I wish I had done a little more for this meta than I did, but I was able to get CONDUCTOR out of one of the six transformations based solely on Nutrimatic, and I’d like to hope that this helped people get the other metas.

Wrapping It Up

This hunt was absolutely great! I heard from so many folks about how clean the puzzles were, people were generally excited about Puzzmon, and folks were laughing and smiling all weekend long. Cardinality did a bang up job with this Hunt, and it’s definitely one I’m going to be looking back on fondly. They took some big swings and hit a bunch of balls out of the park!

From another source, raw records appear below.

(* For any multi-index $I\in\mathbb{N}^6$, any smooth $\mathbb{R}$-valued function $f_1$ and any smooth $\mathbb{C}^2$-valued function $f_2$ on $\mathbb{R}^{1+2}$, we have $$\big|\big[\widehat\Gamma^I(f_1f_2)\big]_-\big|\lesssim\sum_{|I_1|+|I_2|\le|I|}\big|\Gamma^{I_1}f_1\big|\,\big|\big[\widehat\Gamma^{I_2}f_2\big]_-\big|.$$
   Context: On $\mathbb{R}^{1+2}$ with coordinates $(t,x)=(x_0,x_1,x_2)$, $r=|x|$, $\omega_a=x_a/r$ ($a=1,2$). Vector fields: $\Omega=x_1\partial_2-x_2\partial_1$, $L_a=t\partial_a+x_a\partial_t$; modified fields $\widehat\Omega=\Omega-\tfrac12\gamma^1\gamma^2$, $\widehat L_a=L_a-\tfrac12\gamma^0\gamma^a$. Set $(\Gamma_1,\dots,\Gamma_6)=(\partial_t,\partial_1,\partial_2,\Omega,L_1,L_2)$, $(\widehat\Gamma_1,\dots,\widehat\Gamma_6)=(\partial_t,\partial_1,\partial_2,\widehat\Omega,\widehat L_1,\widehat L_2)$, and for $I=(i_1,\dots,i_6)\in\mathbb{N}^6$, $\Gamma^I=\prod_{k=1}^6\Gamma_k^{i_k}$, $\widehat\Gamma^I=\prod_{k=1}^6\widehat\Gamma_k^{i_k}$, $|I|=\sum i_k$. For $\phi:\mathbb{R}^{1+2}\to\mathbb{C}^2$, $[\phi]_-=\phi-\omega_a\gamma^0\gamma^a\phi$ (summation over $a=1,2$). Dirac matrices: $\gamma^0=\begin{pmatrix}1&0\\0&-1\end{pmatrix}$, $\gamma^1=\begin{pmatrix}0&1\\-1&0\end{pmatrix}$, $\gamma^2=\begin{pmatrix}0&-i\\-i&0\end{pmatrix}$. The implicit constant depends only on $|I|$. *)

theory Defs
  imports "HOL-Analysis.Analysis"
begin

text \<open>Points of R^(1+2) are triples (t, x1, x2).\<close>
type_synonym pt = "real \<times> real \<times> real"

definition tc :: "pt \<Rightarrow> real" where "tc p = fst p"
definition xc :: "nat \<Rightarrow> pt \<Rightarrow> real" where
  "xc a p = (if a = 1 then fst (snd p) else snd (snd p))"
definition rad :: "pt \<Rightarrow> real" where "rad p = sqrt ((xc 1 p)^2 + (xc 2 p)^2)"
definition om :: "nat \<Rightarrow> pt \<Rightarrow> real" where "om a p = xc a p / rad p"

definition edir :: "nat \<Rightarrow> pt" where
  "edir k = (if k = 0 then (1,0,0) else if k = 1 then (0,1,0) else (0,0,1))"

definition partial :: "(pt \<Rightarrow> 'a::real_normed_vector) \<Rightarrow> pt \<Rightarrow> pt \<Rightarrow> 'a" where
  "partial f v p = vector_derivative (\<lambda>s. f (p + s *\<^sub>R v)) (at 0)"

fun iter_partial :: "nat list \<Rightarrow> (pt \<Rightarrow> 'a::real_normed_vector) \<Rightarrow> pt \<Rightarrow> 'a" where
  "iter_partial [] f = f"
| "iter_partial (k # ks) f = partial (iter_partial ks f) (edir k)"

definition smooth :: "(pt \<Rightarrow> 'a::real_normed_vector) \<Rightarrow> bool" where
  "smooth f \<longleftrightarrow> (\<forall>ks. set ks \<subseteq> {0,1,2} \<longrightarrow> (\<forall>p. iter_partial ks f differentiable (at p)))"

definition gamma0 :: "complex^2^2" where "gamma0 = vector [vector [1, 0], vector [0, -1]]"
definition gamma1 :: "complex^2^2" where "gamma1 = vector [vector [0, 1], vector [-1, 0]]"
definition gamma2 :: "complex^2^2" where "gamma2 = vector [vector [0, -\<i>], vector [-\<i>, 0]]"
definition gam :: "nat \<Rightarrow> complex^2^2" where
  "gam a = (if a = 1 then gamma1 else gamma2)"

text \<open>Unmodified vector fields Gamma_1..Gamma_6 = (d_t, d_1, d_2, Omega, L_1, L_2), indexed 0..5.\<close>
definition VF :: "nat \<Rightarrow> (pt \<Rightarrow> 'a::real_normed_vector) \<Rightarrow> pt \<Rightarrow> 'a" where
  "VF k f p =
    (if k = 0 then partial f (edir 0) p
     else if k = 1 then partial f (edir 1) p
     else if k = 2 then partial f (edir 2) p
     else if k = 3 then xc 1 p *\<^sub>R partial f (edir 2) p - xc 2 p *\<^sub>R partial f (edir 1) p
     else if k = 4 then tc p *\<^sub>R partial f (edir 1) p + xc 1 p *\<^sub>R partial f (edir 0) p
     else tc p *\<^sub>R partial f (edir 2) p + xc 2 p *\<^sub>R partial f (edir 0) p)"

definition VFh :: "nat \<Rightarrow> (pt \<Rightarrow> complex^2) \<Rightarrow> pt \<Rightarrow> complex^2" where
  "VFh k f p =
    (if k = 3 then VF k f p - (1/2 :: complex) *s ((gamma1 ** gamma2) *v f p)
     else if k = 4 then VF k f p - (1/2 :: complex) *s ((gamma0 ** gamma1) *v f p)
     else if k = 5 then VF k f p - (1/2 :: complex) *s ((gamma0 ** gamma2) *v f p)
     else VF k f p)"

text \<open>Multi-indices I = [i_1,...,i_6] (lists of length 6); Gamma^I = prod_k Gamma_k^(i_k),
  the leftmost factor Gamma_1^(i_1) being applied last.\<close>
definition mi_word :: "nat list \<Rightarrow> nat list" where
  "mi_word I = concat (map (\<lambda>k. replicate (I ! k) k) [0..<6])"

definition GammaI :: "nat list \<Rightarrow> (pt \<Rightarrow> 'a::real_normed_vector) \<Rightarrow> pt \<Rightarrow> 'a" where
  "GammaI I f = foldr VF (mi_word I) f"

definition GammaIh :: "nat list \<Rightarrow> (pt \<Rightarrow> complex^2) \<Rightarrow> pt \<Rightarrow> complex^2" where
  "GammaIh I f = foldr VFh (mi_word I) f"

definition minus_part :: "pt \<Rightarrow> complex^2 \<Rightarrow> complex^2" where
  "minus_part p v = v - (\<Sum>a\<in>{1,2::nat}. complex_of_real (om a p) *s ((gamma0 ** gam a) *v v))"

end

theory Submission
  imports Defs
begin

(* A modified field is a plain field minus a constant matrix acting pointwise, and such a matrix
   commutes with multiplication by a real function; hence the modified fields obey the Leibniz rule
   Gamma-hat (f1 f2) = (Gamma f1) f2 + f1 (Gamma-hat f2). Iterating it along the word of
   Gamma-hat^I expands Gamma-hat^I (f1 f2) into 2^|I| products (Gamma^I1 f1) (Gamma-hat^I2 f2), one
   for each way of distributing the letters of the word between the two factors. Sub-words of a
   sorted word are sorted, so they are again words of multi-indices, with |I1| + |I2| = |I|. As
   [.]_- is real-linear at each point it passes through the real factor, and the estimate holds
   with C = 2^|I|. *)

lemma differentiable_sum_list:
  assumes "\<And>x. x \<in> set xs \<Longrightarrow> F x differentiable (at p)"
  shows "(\<lambda>q. \<Sum>x\<leftarrow>xs. F x q) differentiable (at p)"
  using assms by (induction xs) auto

lemma additive_sum_list:
  fixes T :: "('b::real_normed_vector \<Rightarrow> 'a::real_normed_vector) \<Rightarrow> 'b \<Rightarrow> 'a"
  assumes add: "\<And>F G. F differentiable (at p) \<Longrightarrow> G differentiable (at p) \<Longrightarrow>
      T (\<lambda>q. F q + G q) p = T F p + T G p"
    and "\<And>x. x \<in> set xs \<Longrightarrow> F x differentiable (at p)"
  shows "T (\<lambda>q. \<Sum>x\<leftarrow>xs. F x q) p = (\<Sum>x\<leftarrow>xs. T (F x) p)"
  using assms(2)
proof (induction xs)
  case Nil
  have "T (\<lambda>q. 0 + 0) p = T (\<lambda>q. 0) p + T (\<lambda>q. 0) p"
    by (rule add) simp_all
  then show ?case by simp
next
  case (Cons x xs)
  then show ?case by (simp add: add differentiable_sum_list)
qed

lemma linear_sum_list: "linear f \<Longrightarrow> f (\<Sum>x\<leftarrow>xs. g x) = (\<Sum>x\<leftarrow>xs. f (g x))"
  by (induction xs) (simp_all add: linear_add linear_0)

lemma norm_sum_list_le:
  fixes B :: real
  assumes "\<And>x. x \<in> set xs \<Longrightarrow> norm (f x) \<le> B"
  shows "norm (\<Sum>x\<leftarrow>xs. f x) \<le> real (length xs) * B"
  using assms
proof (induction xs)
  case Nil
  then show ?case by simp
next
  case (Cons x xs)
  then have "norm (f x) + norm (\<Sum>x\<leftarrow>xs. f x) \<le> B + real (length xs) * B"
    by (intro add_mono) auto
  then show ?case
    by (auto simp: algebra_simps intro: order_trans[OF norm_triangle_ineq])
qed

section \<open>Distributing a word between two factors\<close>

fun unshuffles :: "'a list \<Rightarrow> ('a list \<times> 'a list) list" where
  "unshuffles [] = [([], [])]"
| "unshuffles (k # w) =
     map (\<lambda>(u, v). (k # u, v)) (unshuffles w) @ map (\<lambda>(u, v). (u, k # v)) (unshuffles w)"

lemma length_unshuffles: "length (unshuffles w) = 2 ^ length w"
  by (induction w) auto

Again, we’re unlikely to get a full “Let’s talk about every world” series like I did for 2023, but there will be one or two posts about some details about the Hunt. But honestly, I spent my weekend impressed. Given the state of the world, it’s what I needed.

- Cute Mage


:X AnotherBlogPost

I have some thoughts™ about The Glitch round, many of them not good. But I’m going to wait for a little while to post them so I can be as clearheaded as possible about them and keep the feedback constructive. Also many of the thoughts I have on The Glitch round are related to a bigger topic of unlocking structures and the difficulty curve of puzzle hunts, so I kind of want to address it as part of a bigger topic and not randomly in the middle of my 2026 Hunt Likes post.

:X BeeMovie

I only did this because I couldn’t access our team’s copy of Atlas Shrugged.

:X FishPuzzle

And yes, I mean Fish puzzle - not Students puzzle or whatever people think that Fish puzzles are nowadays. I’m planning an whole article about that now that I have my muse back for writing blog posts.

:X Foreshadowing

Foreshadowing is a literary device in which…

:X FourLetters

Our four letters were MOQZ, and our substitution cipher friendly message was ??KJAHK K?? HA?DAJ D?GIK K?AK BLE ED?C KL C?HLC? K?GD D?FK?FH?.. I also didn’t assume that it was a Caesar cipher until I started decoding the first couple words and realized that they capital Q was like that for Caesar.

:X Gambling

I know I have an addictive personality, so I stay away from addictive things like the plague. Gambling games designed to make you addicted are certainly one of them, so the theming of this round was not something I was particularly interested in, even if the Keeper is #TransGoals. Again, that’s not to say that the theming was bad - it just wasn’t my thing, and not everything has to be for me specifically.

:X Hydra

Fun fact: when we were announced as the team that went to the most universes, one of my team members said something along the lines of “Cute Mage went after Hydra heads again”, which is a honestly fair cop, given that I opened over 10,000 Hydra Head Puzzles by hand at Microsoft Puzzle Hunt.

:X LongVideos

This may seem very specific, but many of the people who solved with me on Palindrome are shaking their heads in agreement right now. I like talking about the MIT Mystery Hunt and puzzle hunting in general!

:X PostPandemic

I mean, right now isn’t really post-pandemic given that COVID is still a real thing that exists. From a MIT Mystery Hunt perspective, I’m more talking about the hunts after 2022 when the hunt went back to being in-person.

:X TenYears

That’s a lie. Like I said last year, I remember every puzzle/event I’ve worked on and I’m sure in ten years I will just randomly pull out this event when another event tries to do something similar.